Archaeologist Anna Agbe-Davies (2010: 385) has argued that it is only when archaeologists “participate in the making of ‘communities’ that our discipline’s work most effectively ‘serves’ them.” The reconstructed Pembroke qalgiq—a conglomerate of ideas, people, technologies, and temporalities—accordingly gains coherence only as a conceptual place for community renewal. Despite serious scientific consideration of how the original structure may have been built, the final product makes it clear that the “old” is only a foundation to support the “new.” The “old,” in this case, becomes most relevant as an emblem (cf. Briggs 1997) upon which modern interpretations of tradition, identity, and wellness can be built.
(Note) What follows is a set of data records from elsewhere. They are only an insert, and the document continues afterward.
lemma rho1_ne_sigma1: "\<rho> 1 \<noteq> \<sigma> 1"
proof
  assume "\<rho> 1 = \<sigma> 1"
  then have "\<sigma> 1 * \<sigma> 1 = 1" using auxiliary_eq_1 by simp
  then show False using sigma1_ne_1 sigma1_ne_minus_1 square_eq_1_iff by blast
qed

lemma one_minus_eps_sigma1_ne_0: "1 - \<epsilon> * \<sigma> 1 \<noteq> 0"
proof
  assume "1 - \<epsilon> * \<sigma> 1 = 0"
  moreover have "(\<rho> 1 - \<sigma> 1) * (1 - \<epsilon> * \<sigma> 1) = \<rho> 1 * (1 - \<sigma> 1) * (1 + \<sigma> 1)"
    using auxiliary_eq_1 by algebra
  ultimately show False
    using rho1_ne_0 sigma1_ne_1 sigma1_ne_minus_1 by (simp add: add_eq_0_iff)
qed

lemma sigma1_sq_minus_sigma2:
  "real (b 1) * (\<sigma> 1 ^ 2 - \<sigma> 2) = (1 - \<sigma> 1) * ((1 + real (a 1)) * \<sigma> 1 + 1)"
  using recurrence_1[OF pc_sigma] k_eq by algebra

lemma sigma1_sq_ne_sigma2: "\<sigma> 1 ^ 2 \<noteq> \<sigma> 2"
proof
  assume "\<sigma> 1 ^ 2 = \<sigma> 2"
  then have "(1 + real (a 1)) * \<sigma> 1 + 1 = 0"
    using sigma1_sq_minus_sigma2 sigma1_ne_1 by simp
  then have "real (a 1) * real (b 1) = 0" using tight_relation k_eq by algebra
  then show False using a1_nonzero b1_nonzero by simp
qed

lemma valency_identity:
  "k * ((\<sigma> 1 ^ 2 - \<sigma> 2) * (1 - \<epsilon> * \<sigma> 1)) = (1 - \<sigma> 2) * (\<epsilon> - \<sigma> 1)"
proof -
  have "real (b 1) * (\<rho> 1 - \<sigma> 1) *
      (k * ((\<sigma> 1 ^ 2 - \<sigma> 2) * (1 - \<epsilon> * \<sigma> 1)) - (1 - \<sigma> 2) * (\<epsilon> - \<sigma> 1)) = 0"
    using recurrence_1[OF pc_sigma] auxiliary_eq_1 tight_relation k_eq by algebra
  then show ?thesis using b1_nonzero rho1_ne_sigma1 by simp
qed

lemma valency_formula:
  "k = (1 - \<sigma> 1) * (1 - \<sigma> 2) / ((\<sigma> 1 ^ 2 - \<sigma> 2) * (1 - \<epsilon> * \<sigma> 1)) * (\<sigma> 1 - \<epsilon>) / (\<sigma> 1 - 1)"
proof -
  define N where "N = (\<sigma> 1 ^ 2 - \<sigma> 2) * (1 - \<epsilon> * \<sigma> 1)"
  have "N \<noteq> 0" "\<sigma> 1 - 1 \<noteq> 0"
    using sigma1_sq_ne_sigma2 one_minus_eps_sigma1_ne_0 sigma1_ne_1 unfolding N_def by simp_all
  then have "(1 - \<sigma> 1) * (1 - \<sigma> 2) / N * (\<sigma> 1 - \<epsilon>) / (\<sigma> 1 - 1) = (1 - \<sigma> 2) * (\<epsilon> - \<sigma> 1) / N"
    by (simp add: field_simps)
  also have "\<dots> = k"
    using valency_identity \<open>N \<noteq> 0\<close> unfolding N_def by (simp add: field_simps)
  finally show ?thesis unfolding N_def by simp
qed

end

theorem lemma13p1:
  fixes V :: "'v set" and E :: "'v \<Rightarrow> 'v \<Rightarrow> bool"
    and D :: nat and a b c :: "nat \<Rightarrow> nat"
    and \<sigma> \<rho> :: "nat \<Rightarrow> real" and \<epsilon> :: real
  assumes drg: "distance_regular V E D a b c"
    and D3: "D \<ge> 3"
    and a1: "a 1 \<noteq> 0"
    and sig: "nontrivial_pc D a b c \<sigma>"
    and rho: "nontrivial_pc D a b c \<rho>"
    and tight: "tight_pair D a b c \<sigma> \<rho>"
    and eps: "auxiliary_parameter D \<sigma> \<rho> \<epsilon>"
  shows "\<sigma> 1 \<noteq> 1 \<and>
         (\<sigma> 1 ^ 2 - \<sigma> 2) * (1 - \<epsilon> * \<sigma> 1) \<noteq> 0 \<and>
         (let h = ((1 - \<sigma> 1) * (1 - \<sigma> 2)) / ((\<sigma> 1 ^ 2 - \<sigma> 2) * (1 - \<epsilon> * \<sigma> 1))
          in real (b 0) = h * (\<sigma> 1 - \<epsilon>) / (\<sigma> 1 - 1))"
proof -
  interpret G: distance_regular_graph V E D a b c
    using drg by (rule distance_regular_graph.intro)
  interpret T: tight_pseudo_cosine_pair D a b c \<sigma> \<rho> \<epsilon>
    by (rule tight_pseudo_cosine_pair.intro)
      (use D3 a1 sig rho tight eps G.a_0 G.c_1 G.valency[of 1] G.b_nonzero[of 1]
        G.b_nonzero[of 2] G.a2_nonzero[OF a1 D3] in auto)
  show ?thesis
    using T.sigma1_ne_1 T.sigma1_sq_ne_sigma2 T.one_minus_eps_sigma1_ne_0 T.valency_formula
    unfolding Let_def by simp
qed

end
(* Let $k_+,k_-$ be integers with $0\le k_-\le k_+$. Let $\psi(x)$ denote the smallest prime not smaller than $x$ and set $p\triangleq\psi(k_++k_-+1)$. Let $m,t$ be positive integers such that $2t\le p^{\lceil m/2\rceil}-2$, and set $n=p^m-1$. Then $\mathbb{Z}^n$ can be lattice packed by $\mathcal{B}(n,t,k_+,k_-)$ with density \[\delta = \frac{\sum_{i=0}^t \binom{n}{i}(k_++k_-)^i}{(n+1)^{\lceil 2t(1-1/p)\rceil} }.\]
   Context: $\mathcal{B}(n,t,k_+,k_-)=\{\mathbf{x}\in\mathbb{Z}^n : -k_-\le x_i\le k_+ \text{ for all } i,\ \mathrm{wt}(\mathbf{x})\le t\}$, where $\mathrm{wt}$ is the Hamming weight. A lattice packing of $\mathbb{Z}^n$ by $\mathcal{B}$ is a lattice $\Lambda\subseteq\mathbb{Z}^n$ (additive subgroup) such that the translates $\mathbf{v}+\mathcal{B}$, $\mathbf{v}\in\Lambda$, are pairwise disjoint; its density is $|\mathcal{B}|/\mathrm{vol}(\Lambda)$, where $\mathrm{vol}(\Lambda)=|\mathbb{Z}^n/\Lambda|$. *)

theory Defs
  imports Complex_Main "HOL-Computational_Algebra.Primes" "HOL-Library.Function_Algebras"
begin

text \<open>Vectors of Z^n are modelled as functions nat => int vanishing outside {0..<n}.\<close>
definition Zn :: "nat \<Rightarrow> (nat \<Rightarrow> int) set" where
  "Zn n = {x. \<forall>i\<ge>n. x i = 0}"

definition hwt :: "nat \<Rightarrow> (nat \<Rightarrow> int) \<Rightarrow> nat" where
  "hwt n x = card {i. i < n \<and> x i \<noteq> 0}"

definition ball_B :: "nat \<Rightarrow> nat \<Rightarrow> nat \<Rightarrow> nat \<Rightarrow> (nat \<Rightarrow> int) set" where
  "ball_B n t kp km = {x \<in> Zn n. (\<forall>i<n. - int km \<le> x i \<and> x i \<le> int kp) \<and> hwt n x \<le> t}"

definition is_lattice :: "nat \<Rightarrow> (nat \<Rightarrow> int) set \<Rightarrow> bool" where
  "is_lattice n L \<longleftrightarrow> L \<subseteq> Zn n \<and> 0 \<in> L \<and> (\<forall>x\<in>L. \<forall>y\<in>L. x + y \<in> L) \<and> (\<forall>x\<in>L. - x \<in> L)"

definition cosets :: "nat \<Rightarrow> (nat \<Rightarrow> int) set \<Rightarrow> (nat \<Rightarrow> int) set set" where
  "cosets n L = (\<lambda>x. (\<lambda>y. x + y) ` L) ` Zn n"

definition vol :: "nat \<Rightarrow> (nat \<Rightarrow> int) set \<Rightarrow> nat" where
  "vol n L = card (cosets n L)"

definition is_lattice_packing :: "nat \<Rightarrow> (nat \<Rightarrow> int) set \<Rightarrow> (nat \<Rightarrow> int) set \<Rightarrow> bool" where
  "is_lattice_packing n L B \<longleftrightarrow> is_lattice n L \<and>
     (\<forall>v\<in>L. \<forall>w\<in>L. v \<noteq> w \<longrightarrow> ((\<lambda>b. v + b) ` B) \<inter> ((\<lambda>b. w + b) ` B) = {})"

definition density :: "nat \<Rightarrow> (nat \<Rightarrow> int) set \<Rightarrow> (nat \<Rightarrow> int) set \<Rightarrow> real" where
  "density n L B = real (card B) / real (vol n L)"

definition psi :: "nat \<Rightarrow> nat" where
  "psi x = (LEAST q. prime q \<and> x \<le> q)"

end

(* Let q = p^m and let b_0, ..., b_(n-1) be the nonzero elements of GF(q), found inside an
   algebraic closure of Z/p. For J = {j <= 2t. p does not divide j}, the integer vectors x whose
   power sums S_j(x) = sum_i x_i b_i^j vanish for all j in J form a lattice. A difference of two
   points of the ball has weight at most 2t and entries of absolute value below p, hence nonzero
   coefficients mod p; a Vandermonde argument gives a nonzero S_j with j <= 2t, and Frobenius
   (S_(pj) = S_j^p) one with j in J. So the lattice packs the ball. Its index is the order of the
   image of x |-> (S_j(x))_(j in J), a subgroup of GF(q)^J, hence a divisor of q^|J|; a congruence
   on the first coordinate then cuts the index up to exactly q^|J| = (n+1)^ceil(2t(1-1/p)).
   This replaces the paper's use of the bound 2t <= p^ceil(m/2) - 2 to show the syndrome map is
   onto. *)

theory Submission
  imports Defs "HOL-Algebra.Algebraic_Closure" "HOL-Algebra.Product_Groups" "HOL-Number_Theory.Residues"
begin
As Jean Briggs (1997: 230) points out, “it is not even necessary for the majority of Inuit to have once participated in traditional activities [...]. What is necessary is that people be able to create chains of association and lines of reasoning that link the behaviors cognitively and emotionally with the half-remembered, half-imagined past.”

According to anthropologist Edmund Carpenter (1971: 14), it is significant that Inuit possess no direct words for the actions of “creating” and “making”: “Their closest term means ‘to work on.’ The carver never attempts to force the ivory into uncharacteristic forms but responds to the material as it tries to be itself, and thus the carving is continually modified as the ivory has its say.” We would ultimately like to conclude this article by considering the qalgiq project as an indicator of the negotiation that must take place if archaeological projects are to contribute to local understandings of history and community. When carrying out these projects, as when carving the ivory described above, one should avoid forcing things into a preconceived form. To adhere rigidly to empirical facts or to assumed functions of past objects is to challenge a community’s right to define, to create and, simply, “to try and be itself.”